What you will do: Search the material below for the word "halfplanes" and copy every line in which it occurs.
Start of Data supplied
definition Fld :: "(nat \<Rightarrow> int) \<Rightarrow> nat \<Rightarrow> real set" where
  "Fld d n = {s. \<exists>x :: nat set \<Rightarrow> rat.
      s = (\<Sum>T\<in>Pow {1..n}. of_rat (x T) * sqrt_dT d T)}"

text \<open>[F : Q] = 2^n: the 2^n spanning elements sqrt d_T are Q-linearly independent.\<close>
definition full_degree :: "(nat \<Rightarrow> int) \<Rightarrow> nat \<Rightarrow> bool" where
  "full_degree d n \<longleftrightarrow> (\<forall>x :: nat set \<Rightarrow> rat.
      (\<Sum>T\<in>Pow {1..n}. of_rat (x T) * sqrt_dT d T) = 0 \<longrightarrow> (\<forall>T\<in>Pow {1..n}. x T = 0))"

text \<open>Real embeddings of F: ring homomorphisms F \<rightarrow> R (extended by 0 outside F).\<close>
definition real_embs :: "(nat \<Rightarrow> int) \<Rightarrow> nat \<Rightarrow> (real \<Rightarrow> real) set" where
  "real_embs d n = {\<sigma>. (\<forall>a\<in>Fld d n. \<forall>b\<in>Fld d n.
        \<sigma> (a + b) = \<sigma> a + \<sigma> b \<and> \<sigma> (a * b) = \<sigma> a * \<sigma> b)
      \<and> \<sigma> 1 = 1 \<and> (\<forall>a. a \<notin> Fld d n \<longrightarrow> \<sigma> a = 0)}"

definition emb_norm :: "(nat \<Rightarrow> int) \<Rightarrow> nat \<Rightarrow> real \<Rightarrow> real" where
  "emb_norm d n s = sqrt (\<Sum>\<sigma>\<in>real_embs d n. (\<sigma> s)\<^sup>2)"

definition ring_of_integers :: "(nat \<Rightarrow> int) \<Rightarrow> nat \<Rightarrow> real set" where
  "ring_of_integers d n = {a \<in> Fld d n. algebraic_int a}"

definition frac_ideal :: "(nat \<Rightarrow> int) \<Rightarrow> nat \<Rightarrow> real set \<Rightarrow> bool" where
  "frac_ideal d n M \<longleftrightarrow> M \<subseteq> Fld d n \<and> 0 \<in> M \<and> M \<noteq> {0}
     \<and> (\<forall>a\<in>M. \<forall>b\<in>M. a + b \<in> M)
     \<and> (\<forall>a\<in>ring_of_integers d n. \<forall>m\<in>M. a * m \<in> M)
     \<and> (\<exists>c::int. c \<noteq> 0 \<and> (\<forall>m\<in>M. of_int c * m \<in> ring_of_integers d n))"

text \<open>min(M) = min of ||sigma(t)|| over nonzero t in M (written as an infimum; it is attained).\<close>
definition min_ideal :: "(nat \<Rightarrow> int) \<Rightarrow> nat \<Rightarrow> real set \<Rightarrow> real" where
  "min_ideal d n M = Inf {emb_norm d n t | t. t \<in> M \<and> t \<noteq> 0}"

end

theory Submission
  imports Defs
begin

text \<open>An embedding of \<open>F\<close> is determined by the signs it gives to the \<open>\<surd>d\<^sub>l\<close>, so there are at
  most \<open>2\<^sup>n\<close> of them.  As \<open>s\<close> is a nonzero element of \<open>\<M>\<close>, \<open>\<delta> \<le> \<parallel>\<sigma>(s)\<parallel>\<close>, while the hypothesis
  bounds \<open>\<parallel>\<sigma>(s)\<parallel>\<^sup>2\<close> by (number of embeddings) \<open>\<cdot> \<delta>\<^sup>2/2\<^sup>n \<le> \<delta>\<^sup>2\<close>.  So equality holds throughout:
  there are exactly \<open>2\<^sup>n\<close> embeddings, realising every sign pattern, and every \<open>\<sigma>\<^sub>j(s)\<^sup>2\<close> equals
  \<open>\<delta>\<^sup>2/2\<^sup>n\<close>.  Writing \<open>s = \<Sum> x\<^sub>T \<surd>d\<^sub>T\<close>, the square of \<open>\<Sum> x\<^sub>T \<epsilon>\<^sub>T \<surd>d\<^sub>T\<close> is therefore the same for every
  sign vector \<open>\<epsilon>\<close>.  Comparing \<open>\<epsilon>\<^sub>i = 1\<close> with \<open>\<epsilon>\<^sub>i = -1\<close> kills the coefficients with \<open>i \<in> T\<close> or
  those with \<open>i \<notin> T\<close>, so by induction over the indices and linear independence of the \<open>\<surd>d\<^sub>T\<close>
  at most one \<open>x\<^sub>T\<close> is nonzero.\<close>

lemma sum_Pow_insert:
  assumes "finite I" "i \<notin> I"
  shows "(\<Sum>T\<in>Pow (insert i I). g T) = (\<Sum>T\<in>Pow I. g T) + (\<Sum>T\<in>Pow I. g (insert i T))"
proof -
  have inj: "inj_on (insert i) (Pow I)"
    using assms(2) by (auto simp: inj_on_def)
  have "(\<Sum>T\<in>Pow (insert i I). g T) = (\<Sum>T\<in>Pow I \<union> insert i ` Pow I. g T)"
    by (simp add: Pow_insert)
  also have "\<dots> = (\<Sum>T\<in>Pow I. g T) + (\<Sum>T\<in>insert i ` Pow I. g T)"
    by (rule sum.union_disjoint) (use assms in auto)
  also have "(\<Sum>T\<in>insert i ` Pow I. g T) = (\<Sum>T\<in>Pow I. g (insert i T))"
    by (simp add: sum.reindex[OF inj])
  finally show ?thesis .
qed

lemma sum_le_card_bound_imp_eq:
  fixes f :: "'a \<Rightarrow> real"
  assumes "finite A" "card A \<le> N" "\<forall>a\<in>A. f a \<le> c" "c > 0" "N * c \<le> sum f A"
  shows "card A = N" "\<forall>a\<in>A. f a = c"
proof -
  have "sum f A \<le> card A * c"
    using sum_bounded_above[of A f c] assms(3) by auto
  moreover have "card A * c \<le> N * c"
    using assms(2,4) by simp
  ultimately have sum_eq: "sum f A = card A * c" and "card A * c = N * c"
    using assms(5) by linarith+
  then show "card A = N"
    using assms(4) by simp
  have "(\<Sum>a\<in>A. c - f a) = 0"
    using sum_eq by (simp add: sum_subtractf)
  then show "\<forall>a\<in>A. f a = c"
    using sum_nonneg_eq_0_iff[OF assms(1), of "\<lambda>a. c - f a"] assms(3) by auto
qed

subsection \<open>Signed sums of square roots\<close>

definition sqrt_indep :: "(nat \<Rightarrow> int) \<Rightarrow> nat set \<Rightarrow> bool" where
  "sqrt_indep d I \<longleftrightarrow> (\<forall>y :: nat set \<Rightarrow> rat.
      (\<Sum>T\<in>Pow I. of_rat (y T) * sqrt_dT d T) = 0 \<longrightarrow> (\<forall>T\<in>Pow I. y T = 0))"

lemma full_degree_iff_sqrt_indep: "full_degree d n \<longleftrightarrow> sqrt_indep d {1..n}"
  by (simp add: full_degree_def sqrt_indep_def)

lemma sqrt_indep_subset:
  assumes indep: "sqrt_indep d J" and "I \<subseteq> J" "finite J"
  shows "sqrt_indep d I"
  unfolding sqrt_indep_def
proof (intro allI impI)
  fix y :: "nat set \<Rightarrow> rat"
  assume y0: "(\<Sum>T\<in>Pow I. of_rat (y T) * sqrt_dT d T) = 0"
  define z where "z T = (if T \<subseteq> I then y T else 0)" for T
  have "(\<Sum>T\<in>Pow J. of_rat (z T) * sqrt_dT d T) = (\<Sum>T\<in>Pow I. of_rat (z T) * sqrt_dT d T)"
    by (rule sum.mono_neutral_right) (use assms in \<open>auto simp: z_def\<close>)
  also have "\<dots> = 0"
    using y0 by (simp add: z_def)
  finally have "\<forall>T\<in>Pow J. z T = 0"
    using indep unfolding sqrt_indep_def by blast
  then show "\<forall>T\<in>Pow I. y T = 0"
    using \<open>I \<subseteq> J\<close> unfolding z_def by (metis Pow_iff order_trans)
qed

definition sign_vector :: "nat set \<Rightarrow> (nat \<Rightarrow> real) \<Rightarrow> bool" where
  "sign_vector I \<epsilon> \<longleftrightarrow> (\<forall>l\<in>I. \<epsilon> l = 1 \<or> \<epsilon> l = -1)"
(* Let $G_1$ and $G_2$ be two vertex-disjoint simple connected graphs with $|V(G_1)|=n_1$, $|V(G_2)|=n_2$, $|E(G_1)|=m_1$, $|E(G_2)|=m_2$. Then the edge Q-join $G_1\underline{\vee}_Q G_2$ satisfies \[ F(G_1\underline{\vee}_Q G_2)=F(G_1)+F(G_2)+3n_2^{2}M_1(G_1)+3m_1M_1(G_2)+M_4(G_1)+3n_2\,HM(G_1)+3\,ReZM(G_1)+m_1^{2}(6m_2+m_1n_2)+m_1n_2^{3}. \]
   Context: For a simple graph $G$ and $v\in V(G)$, $d_G(v)$ is the degree of $v$. Define $M_1(G)=\sum_{v\in V(G)}d_G(v)^2$, $F(G)=\sum_{v\in V(G)}d_G(v)^3$, $M_4(G)=\sum_{v\in V(G)}d_G(v)^4$, $HM(G)=\sum_{uv\in E(G)}[d_G(u)+d_G(v)]^2$, and $ReZM(G)=\sum_{uv\in E(G)}d_G(u)d_G(v)\,[d_G(u)+d_G(v)]$. The graph $Q(G)$ is obtained from $G$ by inserting a new vertex into each edge of $G$ (subdividing it) and then joining by an edge each pair of new vertices that lie on adjacent edges of $G$ (edges sharing an end vertex); let $I(G)$ denote the set of these new vertices, so $V(Q(G))=V(G)\cup I(G)$. The edge Q-join $G_1\underline{\vee}_Q G_2$ is the graph obtained from $Q(G_1)$ and $G_2$ (taken vertex-disjoint) by joining each vertex of $I(G_1)$ to every vertex of $G_2$ by an edge. *)

theory Defs
  imports Main
begin

definition simple_graph :: "'a set \<Rightarrow> 'a set set \<Rightarrow> bool" where
  "simple_graph V E \<longleftrightarrow> finite V \<and> (\<forall>e\<in>E. e \<subseteq> V \<and> card e = 2)"

definition connected_graph :: "'a set \<Rightarrow> 'a set set \<Rightarrow> bool" where
  "connected_graph V E \<longleftrightarrow> V \<noteq> {} \<and>
     (\<forall>u\<in>V. \<forall>v\<in>V. (\<lambda>x y. {x, y} \<in> E)\<^sup>*\<^sup>* u v)"
(* For every finite set $A$ of lines in $\mathbb{R}^2$ there exists a point $q\in\mathbb{R}^2$ such that for every closed halfplane $h$ containing $q$ there is a set $A'\subseteq A$ with $|A'|\ge\sqrt{|A|/3}$ and $V(A')\subseteq h$.
   Context: For a finite set $A$ of lines in $\mathbb{R}^2$, $V(A)$ denotes the set of all intersection points of pairs of lines of $A$. *)

theory Defs
  imports Complex_Main
begin

definition is_line :: "(real \<times> real) set \<Rightarrow> bool" where
  "is_line L \<longleftrightarrow> (\<exists>a b c. (a, b) \<noteq> (0, 0) \<and> L = {(x, y). a * x + b * y = c})"

definition is_closed_halfplane :: "(real \<times> real) set \<Rightarrow> bool" where
  "is_closed_halfplane H \<longleftrightarrow> (\<exists>a b c. (a, b) \<noteq> (0, 0) \<and> H = {(x, y). a * x + b * y \<le> c})"

definition vertices :: "(real \<times> real) set set \<Rightarrow> (real \<times> real) set" where
  "vertices A = {p. \<exists>L1\<in>A. \<exists>L2\<in>A. L1 \<noteq> L2 \<and> p \<in> L1 \<and> p \<in> L2}"

end

theory Submission
  imports Defs "HOL-Analysis.Analysis"
begin

text \<open>Call a closed halfplane \<open>H\<close> rich if it contains all vertices of
  some subarrangement of at least \<open>\<surd>(|A|/3)\<close> lines.  We show that no three
  non-rich halfplanes cover the vertex set \<open>V(A)\<close>; then the convex hulls of
  \<open>V(A) - H\<close> over non-rich \<open>H\<close> meet three at a time, and Helly's theorem gives
  a point \<open>q\<close> in all of them, which no non-rich halfplane can contain.

  The covering statement rests on two facts.  (1) For a halfplane \<open>H\<close> the lines
  can be mapped into the plane with the product order so that the vertex of two
  lines lies in \<open>H\<close> iff their images are comparable.  (2) By Mirsky's theorem a
  set of \<open>l\<^sup>2\<close> elements of a partial order has a chain or antichain of size \<open>l\<close>.
  Restricted to one line, three covering halfplanes reduce to two, and one pair
  serves a third of all lines; (1) and (2) then give a rich halfplane.\<close>

lemma is_line_hyperplane: "is_line L \<longleftrightarrow> (\<exists>w r. w \<noteq> 0 \<and> L = {z. inner w z = r})"
proof -
  have "{(x, y). a * x + b * y = c} = {z. inner (a, b) z = c}" for a b c :: real
    by auto
  then show ?thesis
    unfolding is_line_def zero_prod_def by (metis surj_pair)
qed

lemma is_closed_halfplane_inner:
  "is_closed_halfplane H \<longleftrightarrow> (\<exists>w c. w \<noteq> 0 \<and> H = {z. inner w z \<le> c})"
proof -
  have "{(x, y). a * x + b * y \<le> c} = {z. inner (a, b) z \<le> c}" for a b c :: real
    by auto
  then show ?thesis
    unfolding is_closed_halfplane_def zero_prod_def by (metis surj_pair)
qed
End of Data supplied
Output for this task:
  non-rich halfplanes cover the vertex set \<open>V(A)\<close>; then the convex hulls of
  Restricted to one line, three covering halfplanes reduce to two, and one pair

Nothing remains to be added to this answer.